WHAT NEEDS TO BE DONE - An exact transcription of all the entries below is required.

(Records contained in a dataset)
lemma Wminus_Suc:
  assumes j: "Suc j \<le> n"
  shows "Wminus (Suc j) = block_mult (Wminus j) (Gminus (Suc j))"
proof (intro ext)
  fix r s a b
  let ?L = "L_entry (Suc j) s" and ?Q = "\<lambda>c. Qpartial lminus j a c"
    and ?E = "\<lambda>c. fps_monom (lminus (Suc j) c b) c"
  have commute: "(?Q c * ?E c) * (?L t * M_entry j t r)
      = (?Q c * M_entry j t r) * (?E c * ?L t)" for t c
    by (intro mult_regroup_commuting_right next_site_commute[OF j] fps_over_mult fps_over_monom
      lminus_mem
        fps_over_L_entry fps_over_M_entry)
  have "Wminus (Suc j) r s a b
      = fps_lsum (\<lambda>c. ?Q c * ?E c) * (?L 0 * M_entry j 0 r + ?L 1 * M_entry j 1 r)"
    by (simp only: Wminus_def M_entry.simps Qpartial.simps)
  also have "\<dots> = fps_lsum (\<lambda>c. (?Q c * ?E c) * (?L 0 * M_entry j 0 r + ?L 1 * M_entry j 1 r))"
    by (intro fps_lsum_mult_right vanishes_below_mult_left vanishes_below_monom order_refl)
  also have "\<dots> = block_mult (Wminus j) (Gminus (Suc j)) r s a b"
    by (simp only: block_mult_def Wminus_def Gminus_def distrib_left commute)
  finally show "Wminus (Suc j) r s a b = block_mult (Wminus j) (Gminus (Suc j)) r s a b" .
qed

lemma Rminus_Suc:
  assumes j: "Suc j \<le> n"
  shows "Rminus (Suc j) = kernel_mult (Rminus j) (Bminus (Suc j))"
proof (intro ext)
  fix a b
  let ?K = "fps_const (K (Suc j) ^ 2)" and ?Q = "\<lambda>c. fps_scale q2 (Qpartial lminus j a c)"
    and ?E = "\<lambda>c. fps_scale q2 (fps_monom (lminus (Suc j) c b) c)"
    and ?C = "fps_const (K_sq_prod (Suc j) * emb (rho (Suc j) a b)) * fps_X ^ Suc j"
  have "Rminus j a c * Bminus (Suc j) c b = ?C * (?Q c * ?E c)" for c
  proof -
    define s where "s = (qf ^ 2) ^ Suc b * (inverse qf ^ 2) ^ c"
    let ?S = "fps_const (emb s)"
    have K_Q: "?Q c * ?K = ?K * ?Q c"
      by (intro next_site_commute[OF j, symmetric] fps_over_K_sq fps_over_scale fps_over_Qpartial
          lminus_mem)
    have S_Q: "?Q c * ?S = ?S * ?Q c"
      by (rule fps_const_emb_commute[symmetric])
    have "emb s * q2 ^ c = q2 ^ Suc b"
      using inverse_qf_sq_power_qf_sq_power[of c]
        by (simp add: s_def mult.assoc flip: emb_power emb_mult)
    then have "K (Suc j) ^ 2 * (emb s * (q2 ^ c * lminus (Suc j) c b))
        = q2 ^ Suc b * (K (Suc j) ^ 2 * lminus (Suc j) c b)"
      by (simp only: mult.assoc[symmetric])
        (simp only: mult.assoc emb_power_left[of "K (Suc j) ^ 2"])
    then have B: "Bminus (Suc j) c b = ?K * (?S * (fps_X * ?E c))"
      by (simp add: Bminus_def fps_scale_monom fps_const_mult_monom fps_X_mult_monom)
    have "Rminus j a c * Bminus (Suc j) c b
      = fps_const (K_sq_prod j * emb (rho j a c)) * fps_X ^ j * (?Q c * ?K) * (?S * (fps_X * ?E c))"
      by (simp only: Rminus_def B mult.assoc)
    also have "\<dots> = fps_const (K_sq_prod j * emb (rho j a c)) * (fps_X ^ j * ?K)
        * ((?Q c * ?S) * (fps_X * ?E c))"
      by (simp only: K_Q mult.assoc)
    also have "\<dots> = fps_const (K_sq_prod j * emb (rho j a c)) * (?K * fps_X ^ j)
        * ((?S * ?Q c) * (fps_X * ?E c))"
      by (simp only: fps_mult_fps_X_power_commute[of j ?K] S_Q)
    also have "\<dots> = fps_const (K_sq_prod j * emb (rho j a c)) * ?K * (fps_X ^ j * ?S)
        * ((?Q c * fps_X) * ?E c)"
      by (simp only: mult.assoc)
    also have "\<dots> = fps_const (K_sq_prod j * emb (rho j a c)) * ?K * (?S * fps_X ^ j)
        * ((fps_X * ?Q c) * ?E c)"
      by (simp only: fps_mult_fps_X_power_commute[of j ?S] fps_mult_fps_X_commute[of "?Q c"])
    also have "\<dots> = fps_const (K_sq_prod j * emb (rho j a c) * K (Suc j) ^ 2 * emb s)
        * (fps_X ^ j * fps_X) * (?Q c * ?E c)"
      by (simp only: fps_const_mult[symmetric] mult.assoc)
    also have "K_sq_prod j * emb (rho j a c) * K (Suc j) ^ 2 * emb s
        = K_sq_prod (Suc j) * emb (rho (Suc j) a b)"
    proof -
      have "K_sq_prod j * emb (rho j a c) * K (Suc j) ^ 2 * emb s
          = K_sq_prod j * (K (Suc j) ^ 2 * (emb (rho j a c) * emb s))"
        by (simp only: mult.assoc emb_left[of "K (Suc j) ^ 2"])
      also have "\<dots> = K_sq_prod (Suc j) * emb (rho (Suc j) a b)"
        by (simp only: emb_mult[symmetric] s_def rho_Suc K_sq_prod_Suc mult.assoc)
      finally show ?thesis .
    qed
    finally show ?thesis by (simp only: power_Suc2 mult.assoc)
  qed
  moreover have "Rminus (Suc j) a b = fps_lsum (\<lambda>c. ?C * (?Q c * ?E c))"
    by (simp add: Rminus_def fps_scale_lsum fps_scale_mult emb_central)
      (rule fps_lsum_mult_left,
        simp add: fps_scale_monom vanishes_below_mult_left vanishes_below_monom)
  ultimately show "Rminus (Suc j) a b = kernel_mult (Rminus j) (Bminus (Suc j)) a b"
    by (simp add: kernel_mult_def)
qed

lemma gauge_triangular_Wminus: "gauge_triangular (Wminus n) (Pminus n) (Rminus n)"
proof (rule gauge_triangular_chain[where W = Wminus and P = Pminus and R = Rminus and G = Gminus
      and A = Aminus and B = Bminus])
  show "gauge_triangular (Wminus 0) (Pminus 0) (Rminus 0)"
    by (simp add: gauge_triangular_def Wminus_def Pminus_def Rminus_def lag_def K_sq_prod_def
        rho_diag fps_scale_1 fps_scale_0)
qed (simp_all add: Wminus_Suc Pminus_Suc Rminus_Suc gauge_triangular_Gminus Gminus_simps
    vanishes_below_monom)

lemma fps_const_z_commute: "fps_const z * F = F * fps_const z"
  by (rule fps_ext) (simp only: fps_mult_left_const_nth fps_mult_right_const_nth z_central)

ANSWER FOR THE TASK -
lemma Wminus_Suc:
  assumes j: "Suc j \<le> n"
  shows "Wminus (Suc j) = block_mult (Wminus j) (Gminus (Suc j))"
proof (intro ext)
  fix r s a b
  let ?L = "L_entry (Suc j) s" and ?Q = "\<lambda>c. Qpartial lminus j a c"
    and ?E = "\<lambda>c. fps_monom (lminus (Suc j) c b) c"
  have commute: "(?Q c * ?E c) * (?L t * M_entry j t r)
      = (?Q c * M_entry j t r) * (?E c * ?L t)" for t c
    by (intro mult_regroup_commuting_right next_site_commute[OF j] fps_over_mult fps_over_monom
      lminus_mem
        fps_over_L_entry fps_over_M_entry)
  have "Wminus (Suc j) r s a b
      = fps_lsum (\<lambda>c. ?Q c * ?E c) * (?L 0 * M_entry j 0 r + ?L 1 * M_entry j 1 r)"
    by (simp only: Wminus_def M_entry.simps Qpartial.simps)
  also have "\<dots> = fps_lsum (\<lambda>c. (?Q c * ?E c) * (?L 0 * M_entry j 0 r + ?L 1 * M_entry j 1 r))"
    by (intro fps_lsum_mult_right vanishes_below_mult_left vanishes_below_monom order_refl)
  also have "\<dots> = block_mult (Wminus j) (Gminus (Suc j)) r s a b"
    by (simp only: block_mult_def Wminus_def Gminus_def distrib_left commute)
  finally show "Wminus (Suc j) r s a b = block_mult (Wminus j) (Gminus (Suc j)) r s a b" .
qed

lemma Rminus_Suc:
  assumes j: "Suc j \<le> n"
  shows "Rminus (Suc j) = kernel_mult (Rminus j) (Bminus (Suc j))"
proof (intro ext)
  fix a b
  let ?K = "fps_const (K (Suc j) ^ 2)" and ?Q = "\<lambda>c. fps_scale q2 (Qpartial lminus j a c)"
    and ?E = "\<lambda>c. fps_scale q2 (fps_monom (lminus (Suc j) c b) c)"
    and ?C = "fps_const (K_sq_prod (Suc j) * emb (rho (Suc j) a b)) * fps_X ^ Suc j"
  have "Rminus j a c * Bminus (Suc j) c b = ?C * (?Q c * ?E c)" for c
  proof -
    define s where "s = (qf ^ 2) ^ Suc b * (inverse qf ^ 2) ^ c"
    let ?S = "fps_const (emb s)"
    have K_Q: "?Q c * ?K = ?K * ?Q c"
      by (intro next_site_commute[OF j, symmetric] fps_over_K_sq fps_over_scale fps_over_Qpartial
          lminus_mem)
    have S_Q: "?Q c * ?S = ?S * ?Q c"
      by (rule fps_const_emb_commute[symmetric])
    have "emb s * q2 ^ c = q2 ^ Suc b"
      using inverse_qf_sq_power_qf_sq_power[of c]
        by (simp add: s_def mult.assoc flip: emb_power emb_mult)
    then have "K (Suc j) ^ 2 * (emb s * (q2 ^ c * lminus (Suc j) c b))
        = q2 ^ Suc b * (K (Suc j) ^ 2 * lminus (Suc j) c b)"
      by (simp only: mult.assoc[symmetric])
        (simp only: mult.assoc emb_power_left[of "K (Suc j) ^ 2"])
    then have B: "Bminus (Suc j) c b = ?K * (?S * (fps_X * ?E c))"
      by (simp add: Bminus_def fps_scale_monom fps_const_mult_monom fps_X_mult_monom)
    have "Rminus j a c * Bminus (Suc j) c b
      = fps_const (K_sq_prod j * emb (rho j a c)) * fps_X ^ j * (?Q c * ?K) * (?S * (fps_X * ?E c))"
      by (simp only: Rminus_def B mult.assoc)
    also have "\<dots> = fps_const (K_sq_prod j * emb (rho j a c)) * (fps_X ^ j * ?K)
        * ((?Q c * ?S) * (fps_X * ?E c))"
      by (simp only: K_Q mult.assoc)
    also have "\<dots> = fps_const (K_sq_prod j * emb (rho j a c)) * (?K * fps_X ^ j)
        * ((?S * ?Q c) * (fps_X * ?E c))"
      by (simp only: fps_mult_fps_X_power_commute[of j ?K] S_Q)
    also have "\<dots> = fps_const (K_sq_prod j * emb (rho j a c)) * ?K * (fps_X ^ j * ?S)
        * ((?Q c * fps_X) * ?E c)"
      by (simp only: mult.assoc)
    also have "\<dots> = fps_const (K_sq_prod j * emb (rho j a c)) * ?K * (?S * fps_X ^ j)
        * ((fps_X * ?Q c) * ?E c)"
      by (simp only: fps_mult_fps_X_power_commute[of j ?S] fps_mult_fps_X_commute[of "?Q c"])
    also have "\<dots> = fps_const (K_sq_prod j * emb (rho j a c) * K (Suc j) ^ 2 * emb s)
        * (fps_X ^ j * fps_X) * (?Q c * ?E c)"
      by (simp only: fps_const_mult[symmetric] mult.assoc)
    also have "K_sq_prod j * emb (rho j a c) * K (Suc j) ^ 2 * emb s
        = K_sq_prod (Suc j) * emb (rho (Suc j) a b)"
    proof -
      have "K_sq_prod j * emb (rho j a c) * K (Suc j) ^ 2 * emb s
          = K_sq_prod j * (K (Suc j) ^ 2 * (emb (rho j a c) * emb s))"
        by (simp only: mult.assoc emb_left[of "K (Suc j) ^ 2"])
      also have "\<dots> = K_sq_prod (Suc j) * emb (rho (Suc j) a b)"
        by (simp only: emb_mult[symmetric] s_def rho_Suc K_sq_prod_Suc mult.assoc)
      finally show ?thesis .
    qed
    finally show ?thesis by (simp only: power_Suc2 mult.assoc)
  qed
  moreover have "Rminus (Suc j) a b = fps_lsum (\<lambda>c. ?C * (?Q c * ?E c))"
    by (simp add: Rminus_def fps_scale_lsum fps_scale_mult emb_central)
      (rule fps_lsum_mult_left,
        simp add: fps_scale_monom vanishes_below_mult_left vanishes_below_monom)
  ultimately show "Rminus (Suc j) a b = kernel_mult (Rminus j) (Bminus (Suc j)) a b"
    by (simp add: kernel_mult_def)
qed

lemma gauge_triangular_Wminus: "gauge_triangular (Wminus n) (Pminus n) (Rminus n)"
proof (rule gauge_triangular_chain[where W = Wminus and P = Pminus and R = Rminus and G = Gminus
      and A = Aminus and B = Bminus])
  show "gauge_triangular (Wminus 0) (Pminus 0) (Rminus 0)"
    by (simp add: gauge_triangular_def Wminus_def Pminus_def Rminus_def lag_def K_sq_prod_def
        rho_diag fps_scale_1 fps_scale_0)
qed (simp_all add: Wminus_Suc Pminus_Suc Rminus_Suc gauge_triangular_Gminus Gminus_simps
    vanishes_below_monom)

lemma fps_const_z_commute: "fps_const z * F = F * fps_const z"
  by (rule fps_ext) (simp only: fps_mult_left_const_nth fps_mult_right_const_nth z_central)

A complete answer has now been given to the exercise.